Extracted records
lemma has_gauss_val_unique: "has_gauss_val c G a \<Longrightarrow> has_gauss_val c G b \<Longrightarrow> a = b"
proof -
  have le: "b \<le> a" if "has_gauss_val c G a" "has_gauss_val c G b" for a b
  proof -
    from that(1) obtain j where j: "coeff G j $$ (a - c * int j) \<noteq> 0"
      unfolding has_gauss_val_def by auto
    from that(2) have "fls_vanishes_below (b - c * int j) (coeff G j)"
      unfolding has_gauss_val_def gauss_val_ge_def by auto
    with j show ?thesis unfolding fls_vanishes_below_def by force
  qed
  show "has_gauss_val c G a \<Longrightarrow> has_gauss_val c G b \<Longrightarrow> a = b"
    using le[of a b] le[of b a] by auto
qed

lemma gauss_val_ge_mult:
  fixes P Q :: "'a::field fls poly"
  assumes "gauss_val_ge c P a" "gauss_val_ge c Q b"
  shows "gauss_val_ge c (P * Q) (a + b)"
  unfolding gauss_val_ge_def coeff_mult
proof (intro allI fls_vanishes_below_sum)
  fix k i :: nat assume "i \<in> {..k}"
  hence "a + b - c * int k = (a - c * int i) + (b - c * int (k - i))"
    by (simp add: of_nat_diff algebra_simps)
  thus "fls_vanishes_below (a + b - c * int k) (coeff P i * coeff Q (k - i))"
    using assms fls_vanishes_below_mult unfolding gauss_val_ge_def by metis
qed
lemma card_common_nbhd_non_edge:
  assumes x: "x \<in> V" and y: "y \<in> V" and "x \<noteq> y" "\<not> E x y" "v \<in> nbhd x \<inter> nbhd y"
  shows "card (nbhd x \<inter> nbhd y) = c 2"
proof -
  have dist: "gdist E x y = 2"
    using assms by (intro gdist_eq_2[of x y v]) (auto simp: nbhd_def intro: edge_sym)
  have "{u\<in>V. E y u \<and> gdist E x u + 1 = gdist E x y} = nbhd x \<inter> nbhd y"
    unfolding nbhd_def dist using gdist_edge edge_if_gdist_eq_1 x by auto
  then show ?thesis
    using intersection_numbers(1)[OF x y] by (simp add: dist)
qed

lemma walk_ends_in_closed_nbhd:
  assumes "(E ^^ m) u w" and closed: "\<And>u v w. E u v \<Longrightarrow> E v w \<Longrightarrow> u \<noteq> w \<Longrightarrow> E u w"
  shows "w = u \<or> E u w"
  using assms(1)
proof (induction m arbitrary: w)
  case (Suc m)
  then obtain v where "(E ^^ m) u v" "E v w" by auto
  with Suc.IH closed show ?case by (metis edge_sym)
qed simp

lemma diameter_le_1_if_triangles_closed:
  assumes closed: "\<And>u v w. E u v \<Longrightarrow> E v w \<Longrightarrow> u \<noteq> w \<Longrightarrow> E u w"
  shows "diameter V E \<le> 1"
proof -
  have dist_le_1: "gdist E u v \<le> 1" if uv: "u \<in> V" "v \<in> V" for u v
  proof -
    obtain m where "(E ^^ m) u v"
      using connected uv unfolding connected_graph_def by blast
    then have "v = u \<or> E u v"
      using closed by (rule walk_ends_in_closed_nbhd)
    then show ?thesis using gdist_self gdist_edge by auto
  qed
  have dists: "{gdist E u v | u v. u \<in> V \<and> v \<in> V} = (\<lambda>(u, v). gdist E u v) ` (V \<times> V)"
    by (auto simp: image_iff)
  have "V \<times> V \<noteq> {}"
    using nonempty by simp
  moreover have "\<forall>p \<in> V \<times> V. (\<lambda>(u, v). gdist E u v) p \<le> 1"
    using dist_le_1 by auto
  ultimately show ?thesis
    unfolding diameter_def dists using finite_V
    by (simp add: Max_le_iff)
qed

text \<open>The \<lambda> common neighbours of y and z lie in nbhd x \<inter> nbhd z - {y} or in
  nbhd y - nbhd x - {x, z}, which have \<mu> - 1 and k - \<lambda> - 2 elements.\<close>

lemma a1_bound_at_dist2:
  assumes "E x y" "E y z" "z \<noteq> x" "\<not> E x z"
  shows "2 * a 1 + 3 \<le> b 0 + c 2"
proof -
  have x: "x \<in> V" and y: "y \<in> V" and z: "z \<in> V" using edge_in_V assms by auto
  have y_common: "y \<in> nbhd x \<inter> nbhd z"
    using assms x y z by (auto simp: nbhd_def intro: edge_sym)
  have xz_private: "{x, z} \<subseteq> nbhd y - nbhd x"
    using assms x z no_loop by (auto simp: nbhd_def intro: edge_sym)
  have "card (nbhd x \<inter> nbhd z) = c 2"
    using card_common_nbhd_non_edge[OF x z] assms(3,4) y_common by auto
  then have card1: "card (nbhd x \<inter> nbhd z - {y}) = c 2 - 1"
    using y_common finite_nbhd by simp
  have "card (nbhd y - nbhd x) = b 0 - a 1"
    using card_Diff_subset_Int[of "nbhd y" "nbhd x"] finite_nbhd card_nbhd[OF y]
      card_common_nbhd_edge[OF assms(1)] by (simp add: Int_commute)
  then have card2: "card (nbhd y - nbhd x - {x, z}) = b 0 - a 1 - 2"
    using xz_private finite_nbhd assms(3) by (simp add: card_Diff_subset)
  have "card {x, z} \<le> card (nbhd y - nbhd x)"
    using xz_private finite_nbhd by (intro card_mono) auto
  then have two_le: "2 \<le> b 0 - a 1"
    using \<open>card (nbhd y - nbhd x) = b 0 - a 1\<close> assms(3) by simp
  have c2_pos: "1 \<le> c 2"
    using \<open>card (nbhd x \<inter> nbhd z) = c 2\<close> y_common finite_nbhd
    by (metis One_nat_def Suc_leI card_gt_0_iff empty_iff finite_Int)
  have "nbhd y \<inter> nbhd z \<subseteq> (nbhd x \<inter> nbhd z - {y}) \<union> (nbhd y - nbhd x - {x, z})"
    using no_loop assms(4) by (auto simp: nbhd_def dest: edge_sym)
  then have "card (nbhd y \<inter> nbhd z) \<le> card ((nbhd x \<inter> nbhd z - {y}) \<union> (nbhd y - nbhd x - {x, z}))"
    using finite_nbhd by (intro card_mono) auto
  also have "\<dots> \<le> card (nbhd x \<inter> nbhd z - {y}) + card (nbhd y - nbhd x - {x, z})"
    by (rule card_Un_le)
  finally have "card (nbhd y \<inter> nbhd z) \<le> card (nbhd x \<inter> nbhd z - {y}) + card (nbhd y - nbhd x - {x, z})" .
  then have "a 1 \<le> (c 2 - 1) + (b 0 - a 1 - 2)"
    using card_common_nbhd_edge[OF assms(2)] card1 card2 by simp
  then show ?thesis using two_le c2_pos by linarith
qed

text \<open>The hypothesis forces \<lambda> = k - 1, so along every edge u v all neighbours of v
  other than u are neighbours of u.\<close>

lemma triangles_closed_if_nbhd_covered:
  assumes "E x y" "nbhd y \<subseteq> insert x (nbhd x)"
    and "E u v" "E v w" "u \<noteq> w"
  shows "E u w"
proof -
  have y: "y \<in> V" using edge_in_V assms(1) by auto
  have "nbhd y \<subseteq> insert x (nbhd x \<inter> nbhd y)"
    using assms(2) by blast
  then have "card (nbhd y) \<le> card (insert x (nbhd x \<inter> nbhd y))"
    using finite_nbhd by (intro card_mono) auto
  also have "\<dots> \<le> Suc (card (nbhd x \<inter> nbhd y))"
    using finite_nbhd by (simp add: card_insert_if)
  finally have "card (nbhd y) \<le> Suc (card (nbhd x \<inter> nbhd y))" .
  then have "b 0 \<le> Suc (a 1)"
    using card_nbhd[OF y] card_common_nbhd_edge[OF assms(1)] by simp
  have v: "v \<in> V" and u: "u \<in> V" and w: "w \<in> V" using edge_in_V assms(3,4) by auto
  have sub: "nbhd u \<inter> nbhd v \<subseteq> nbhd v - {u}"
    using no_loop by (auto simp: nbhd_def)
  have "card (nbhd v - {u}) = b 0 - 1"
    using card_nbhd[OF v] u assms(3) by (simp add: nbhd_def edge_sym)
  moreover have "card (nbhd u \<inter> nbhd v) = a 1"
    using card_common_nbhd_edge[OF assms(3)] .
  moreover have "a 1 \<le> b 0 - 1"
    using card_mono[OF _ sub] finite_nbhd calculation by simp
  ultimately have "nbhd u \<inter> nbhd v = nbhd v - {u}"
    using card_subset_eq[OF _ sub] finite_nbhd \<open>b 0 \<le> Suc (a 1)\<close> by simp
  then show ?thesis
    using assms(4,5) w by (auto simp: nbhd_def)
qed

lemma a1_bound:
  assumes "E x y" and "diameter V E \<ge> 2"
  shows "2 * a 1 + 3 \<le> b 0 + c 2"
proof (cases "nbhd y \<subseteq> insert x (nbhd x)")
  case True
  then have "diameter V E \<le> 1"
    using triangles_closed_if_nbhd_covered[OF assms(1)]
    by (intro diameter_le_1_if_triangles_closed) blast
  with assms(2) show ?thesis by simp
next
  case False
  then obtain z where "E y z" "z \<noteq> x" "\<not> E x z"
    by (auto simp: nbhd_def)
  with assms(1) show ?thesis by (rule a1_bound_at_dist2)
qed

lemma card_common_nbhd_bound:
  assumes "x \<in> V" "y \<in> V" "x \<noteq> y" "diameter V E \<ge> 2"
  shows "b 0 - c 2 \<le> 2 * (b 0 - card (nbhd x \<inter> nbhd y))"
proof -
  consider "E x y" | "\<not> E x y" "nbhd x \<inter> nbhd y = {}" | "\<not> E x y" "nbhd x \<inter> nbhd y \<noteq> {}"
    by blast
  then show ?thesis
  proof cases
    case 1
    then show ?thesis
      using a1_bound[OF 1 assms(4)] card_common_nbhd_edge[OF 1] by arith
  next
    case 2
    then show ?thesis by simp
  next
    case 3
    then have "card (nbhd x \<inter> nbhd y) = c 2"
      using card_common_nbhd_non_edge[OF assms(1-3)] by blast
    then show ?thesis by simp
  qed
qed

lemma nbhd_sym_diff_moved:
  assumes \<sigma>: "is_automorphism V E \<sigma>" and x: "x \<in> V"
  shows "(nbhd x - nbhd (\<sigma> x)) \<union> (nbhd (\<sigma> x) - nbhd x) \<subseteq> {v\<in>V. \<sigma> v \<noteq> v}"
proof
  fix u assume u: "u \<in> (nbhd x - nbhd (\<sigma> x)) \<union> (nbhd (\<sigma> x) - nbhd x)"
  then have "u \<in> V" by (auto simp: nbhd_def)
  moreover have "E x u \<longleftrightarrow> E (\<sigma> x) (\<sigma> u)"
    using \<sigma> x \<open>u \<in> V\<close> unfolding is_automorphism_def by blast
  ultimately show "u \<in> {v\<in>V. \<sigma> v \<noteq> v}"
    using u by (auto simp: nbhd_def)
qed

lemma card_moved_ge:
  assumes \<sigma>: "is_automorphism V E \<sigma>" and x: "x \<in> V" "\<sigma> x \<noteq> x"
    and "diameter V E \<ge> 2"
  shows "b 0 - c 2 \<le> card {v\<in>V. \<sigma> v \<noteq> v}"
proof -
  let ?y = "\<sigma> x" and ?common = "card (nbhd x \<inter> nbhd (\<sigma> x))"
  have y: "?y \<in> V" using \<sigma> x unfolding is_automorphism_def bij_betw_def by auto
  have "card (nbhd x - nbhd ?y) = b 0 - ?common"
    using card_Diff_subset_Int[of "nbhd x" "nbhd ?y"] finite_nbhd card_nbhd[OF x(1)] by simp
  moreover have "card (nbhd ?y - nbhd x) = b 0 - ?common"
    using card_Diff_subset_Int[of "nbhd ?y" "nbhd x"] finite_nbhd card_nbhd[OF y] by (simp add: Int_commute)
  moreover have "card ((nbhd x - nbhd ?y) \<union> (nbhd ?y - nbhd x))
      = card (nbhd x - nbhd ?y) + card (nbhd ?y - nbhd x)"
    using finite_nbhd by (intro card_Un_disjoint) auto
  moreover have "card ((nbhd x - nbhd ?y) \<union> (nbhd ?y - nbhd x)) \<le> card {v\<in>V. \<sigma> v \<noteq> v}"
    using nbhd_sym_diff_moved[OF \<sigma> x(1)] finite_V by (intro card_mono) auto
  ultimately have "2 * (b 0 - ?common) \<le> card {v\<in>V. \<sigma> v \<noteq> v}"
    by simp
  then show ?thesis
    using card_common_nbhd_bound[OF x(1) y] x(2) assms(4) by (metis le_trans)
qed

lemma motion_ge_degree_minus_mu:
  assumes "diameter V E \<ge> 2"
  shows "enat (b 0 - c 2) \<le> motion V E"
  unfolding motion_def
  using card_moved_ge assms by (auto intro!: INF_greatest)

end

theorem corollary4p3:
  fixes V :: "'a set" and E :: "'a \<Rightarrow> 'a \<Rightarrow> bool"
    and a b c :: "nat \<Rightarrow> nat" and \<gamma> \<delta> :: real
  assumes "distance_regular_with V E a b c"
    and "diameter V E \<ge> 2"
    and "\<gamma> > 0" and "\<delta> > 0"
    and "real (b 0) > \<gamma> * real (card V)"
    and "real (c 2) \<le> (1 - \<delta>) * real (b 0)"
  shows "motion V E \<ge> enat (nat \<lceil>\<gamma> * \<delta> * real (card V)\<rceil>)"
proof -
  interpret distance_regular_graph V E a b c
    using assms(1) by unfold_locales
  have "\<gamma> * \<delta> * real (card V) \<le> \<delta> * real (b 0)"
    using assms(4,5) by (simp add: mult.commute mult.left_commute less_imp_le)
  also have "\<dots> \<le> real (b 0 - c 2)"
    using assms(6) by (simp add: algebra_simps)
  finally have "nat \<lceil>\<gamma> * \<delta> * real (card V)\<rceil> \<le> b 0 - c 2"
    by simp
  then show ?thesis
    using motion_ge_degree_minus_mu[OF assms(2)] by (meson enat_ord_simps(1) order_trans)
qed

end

Exercise directions: Repeat only what lies between the first line of the data and the line containing "using assms by", both of those lines included, exactly as it stands.

Answer box:
lemma has_gauss_val_unique: "has_gauss_val c G a \<Longrightarrow> has_gauss_val c G b \<Longrightarrow> a = b"
proof -
  have le: "b \<le> a" if "has_gauss_val c G a" "has_gauss_val c G b" for a b
  proof -
    from that(1) obtain j where j: "coeff G j $$ (a - c * int j) \<noteq> 0"
      unfolding has_gauss_val_def by auto
    from that(2) have "fls_vanishes_below (b - c * int j) (coeff G j)"
      unfolding has_gauss_val_def gauss_val_ge_def by auto
    with j show ?thesis unfolding fls_vanishes_below_def by force
  qed
  show "has_gauss_val c G a \<Longrightarrow> has_gauss_val c G b \<Longrightarrow> a = b"
    using le[of a b] le[of b a] by auto
qed

lemma gauss_val_ge_mult:
  fixes P Q :: "'a::field fls poly"
  assumes "gauss_val_ge c P a" "gauss_val_ge c Q b"
  shows "gauss_val_ge c (P * Q) (a + b)"
  unfolding gauss_val_ge_def coeff_mult
proof (intro allI fls_vanishes_below_sum)
  fix k i :: nat assume "i \<in> {..k}"
  hence "a + b - c * int k = (a - c * int i) + (b - c * int (k - i))"
    by (simp add: of_nat_diff algebra_simps)
  thus "fls_vanishes_below (a + b - c * int k) (coeff P i * coeff Q (k - i))"
    using assms fls_vanishes_below_mult unfolding gauss_val_ge_def by metis
qed
lemma card_common_nbhd_non_edge:
  assumes x: "x \<in> V" and y: "y \<in> V" and "x \<noteq> y" "\<not> E x y" "v \<in> nbhd x \<inter> nbhd y"
  shows "card (nbhd x \<inter> nbhd y) = c 2"
proof -
  have dist: "gdist E x y = 2"
    using assms by (intro gdist_eq_2[of x y v]) (auto simp: nbhd_def intro: edge_sym)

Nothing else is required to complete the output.